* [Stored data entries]
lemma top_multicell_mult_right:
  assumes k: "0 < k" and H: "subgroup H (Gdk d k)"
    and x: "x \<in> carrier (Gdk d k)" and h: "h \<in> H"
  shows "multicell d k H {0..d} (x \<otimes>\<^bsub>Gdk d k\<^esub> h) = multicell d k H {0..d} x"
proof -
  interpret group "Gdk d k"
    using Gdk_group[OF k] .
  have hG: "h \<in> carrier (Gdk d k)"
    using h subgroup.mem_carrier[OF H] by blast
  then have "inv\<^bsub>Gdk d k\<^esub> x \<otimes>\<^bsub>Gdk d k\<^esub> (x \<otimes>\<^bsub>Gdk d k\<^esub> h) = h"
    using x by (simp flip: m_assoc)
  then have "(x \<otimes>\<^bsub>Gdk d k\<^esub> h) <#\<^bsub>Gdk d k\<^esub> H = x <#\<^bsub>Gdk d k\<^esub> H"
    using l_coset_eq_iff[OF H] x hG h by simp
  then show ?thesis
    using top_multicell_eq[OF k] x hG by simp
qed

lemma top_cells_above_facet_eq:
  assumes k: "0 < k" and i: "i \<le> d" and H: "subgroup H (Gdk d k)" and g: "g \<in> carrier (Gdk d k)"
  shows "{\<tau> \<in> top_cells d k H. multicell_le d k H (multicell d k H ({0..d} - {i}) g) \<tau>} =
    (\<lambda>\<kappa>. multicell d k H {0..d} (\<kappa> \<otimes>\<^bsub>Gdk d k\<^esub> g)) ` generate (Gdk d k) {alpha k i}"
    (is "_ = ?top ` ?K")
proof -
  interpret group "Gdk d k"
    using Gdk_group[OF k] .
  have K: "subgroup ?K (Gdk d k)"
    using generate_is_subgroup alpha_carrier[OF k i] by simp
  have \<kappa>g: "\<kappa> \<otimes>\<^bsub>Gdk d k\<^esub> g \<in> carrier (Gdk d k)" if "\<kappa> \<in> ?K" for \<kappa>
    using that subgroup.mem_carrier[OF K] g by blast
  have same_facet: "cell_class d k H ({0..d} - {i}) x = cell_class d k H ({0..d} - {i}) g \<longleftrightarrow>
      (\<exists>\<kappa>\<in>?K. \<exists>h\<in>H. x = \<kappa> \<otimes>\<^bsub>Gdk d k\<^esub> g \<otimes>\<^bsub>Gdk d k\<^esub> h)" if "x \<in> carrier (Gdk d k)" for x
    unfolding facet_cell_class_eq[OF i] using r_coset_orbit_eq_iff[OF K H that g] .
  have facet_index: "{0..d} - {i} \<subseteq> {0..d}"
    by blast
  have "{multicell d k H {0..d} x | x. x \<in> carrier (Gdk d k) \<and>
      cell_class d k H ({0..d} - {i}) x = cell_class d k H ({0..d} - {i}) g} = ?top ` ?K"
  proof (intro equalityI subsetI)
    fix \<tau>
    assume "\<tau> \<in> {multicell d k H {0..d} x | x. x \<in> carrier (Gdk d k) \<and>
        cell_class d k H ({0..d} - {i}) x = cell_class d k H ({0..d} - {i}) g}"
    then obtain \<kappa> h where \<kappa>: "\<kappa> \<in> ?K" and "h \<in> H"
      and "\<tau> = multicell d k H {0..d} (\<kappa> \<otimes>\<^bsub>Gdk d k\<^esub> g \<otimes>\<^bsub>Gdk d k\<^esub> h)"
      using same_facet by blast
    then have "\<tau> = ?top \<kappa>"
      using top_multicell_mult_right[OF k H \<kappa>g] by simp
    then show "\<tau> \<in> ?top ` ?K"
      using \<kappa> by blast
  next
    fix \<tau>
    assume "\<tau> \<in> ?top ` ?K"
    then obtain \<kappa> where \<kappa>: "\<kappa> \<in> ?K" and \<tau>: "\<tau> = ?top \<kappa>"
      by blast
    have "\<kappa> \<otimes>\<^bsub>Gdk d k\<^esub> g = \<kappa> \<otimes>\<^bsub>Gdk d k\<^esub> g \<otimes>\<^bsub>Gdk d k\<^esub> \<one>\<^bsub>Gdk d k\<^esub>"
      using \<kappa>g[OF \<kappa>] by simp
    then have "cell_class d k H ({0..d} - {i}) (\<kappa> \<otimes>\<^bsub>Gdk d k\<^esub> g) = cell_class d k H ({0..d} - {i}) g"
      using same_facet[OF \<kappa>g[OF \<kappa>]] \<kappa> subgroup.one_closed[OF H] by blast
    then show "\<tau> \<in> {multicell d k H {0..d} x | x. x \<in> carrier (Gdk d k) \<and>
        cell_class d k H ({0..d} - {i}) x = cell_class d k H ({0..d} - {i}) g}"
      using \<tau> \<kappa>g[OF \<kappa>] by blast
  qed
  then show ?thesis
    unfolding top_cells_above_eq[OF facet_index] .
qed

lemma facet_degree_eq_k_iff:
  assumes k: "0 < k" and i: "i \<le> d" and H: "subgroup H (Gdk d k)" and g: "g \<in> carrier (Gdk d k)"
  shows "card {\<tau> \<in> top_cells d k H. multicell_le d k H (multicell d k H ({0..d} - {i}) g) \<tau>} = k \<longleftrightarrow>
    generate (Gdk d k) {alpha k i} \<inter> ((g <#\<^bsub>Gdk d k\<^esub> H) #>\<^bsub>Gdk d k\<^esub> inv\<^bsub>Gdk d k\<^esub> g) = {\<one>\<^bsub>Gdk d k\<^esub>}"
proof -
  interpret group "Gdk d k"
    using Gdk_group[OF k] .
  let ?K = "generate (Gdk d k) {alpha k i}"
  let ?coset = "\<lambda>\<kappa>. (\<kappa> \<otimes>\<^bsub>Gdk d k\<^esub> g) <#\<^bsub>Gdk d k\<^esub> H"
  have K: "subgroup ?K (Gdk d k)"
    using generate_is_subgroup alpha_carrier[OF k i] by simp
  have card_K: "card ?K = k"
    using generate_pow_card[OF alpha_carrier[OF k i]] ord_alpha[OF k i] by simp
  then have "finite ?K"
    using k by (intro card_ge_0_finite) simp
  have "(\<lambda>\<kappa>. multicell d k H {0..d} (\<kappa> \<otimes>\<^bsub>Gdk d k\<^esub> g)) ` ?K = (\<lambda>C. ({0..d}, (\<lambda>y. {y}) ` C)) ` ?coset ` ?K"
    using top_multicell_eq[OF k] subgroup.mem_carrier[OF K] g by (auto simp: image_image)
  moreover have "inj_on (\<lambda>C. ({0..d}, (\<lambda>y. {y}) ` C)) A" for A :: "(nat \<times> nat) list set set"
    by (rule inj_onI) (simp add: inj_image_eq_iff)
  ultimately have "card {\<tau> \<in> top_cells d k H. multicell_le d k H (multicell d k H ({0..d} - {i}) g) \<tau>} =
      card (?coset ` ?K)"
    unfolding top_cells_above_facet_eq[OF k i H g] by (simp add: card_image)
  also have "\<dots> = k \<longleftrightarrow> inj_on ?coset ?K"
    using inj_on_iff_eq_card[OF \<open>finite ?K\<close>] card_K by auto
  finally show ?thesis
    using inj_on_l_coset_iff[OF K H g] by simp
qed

* [What you have to do] Using the data above, transcribe the lines that run from the line with "d k\<^esub> x" to the line with "using that subgroup.mem_carrier[OF", both ends kept, and output nothing else.

* [Exercise answer]
  then have "inv\<^bsub>Gdk d k\<^esub> x \<otimes>\<^bsub>Gdk d k\<^esub> (x \<otimes>\<^bsub>Gdk d k\<^esub> h) = h"
    using x by (simp flip: m_assoc)
  then have "(x \<otimes>\<^bsub>Gdk d k\<^esub> h) <#\<^bsub>Gdk d k\<^esub> H = x <#\<^bsub>Gdk d k\<^esub> H"
    using l_coset_eq_iff[OF H] x hG h by simp
  then show ?thesis
    using top_multicell_eq[OF k] x hG by simp
qed

lemma top_cells_above_facet_eq:
  assumes k: "0 < k" and i: "i \<le> d" and H: "subgroup H (Gdk d k)" and g: "g \<in> carrier (Gdk d k)"
  shows "{\<tau> \<in> top_cells d k H. multicell_le d k H (multicell d k H ({0..d} - {i}) g) \<tau>} =
    (\<lambda>\<kappa>. multicell d k H {0..d} (\<kappa> \<otimes>\<^bsub>Gdk d k\<^esub> g)) ` generate (Gdk d k) {alpha k i}"
    (is "_ = ?top ` ?K")
proof -
  interpret group "Gdk d k"
    using Gdk_group[OF k] .
  have K: "subgroup ?K (Gdk d k)"
    using generate_is_subgroup alpha_carrier[OF k i] by simp
  have \<kappa>g: "\<kappa> \<otimes>\<^bsub>Gdk d k\<^esub> g \<in> carrier (Gdk d k)" if "\<kappa> \<in> ?K" for \<kappa>
    using that subgroup.mem_carrier[OF K] g by blast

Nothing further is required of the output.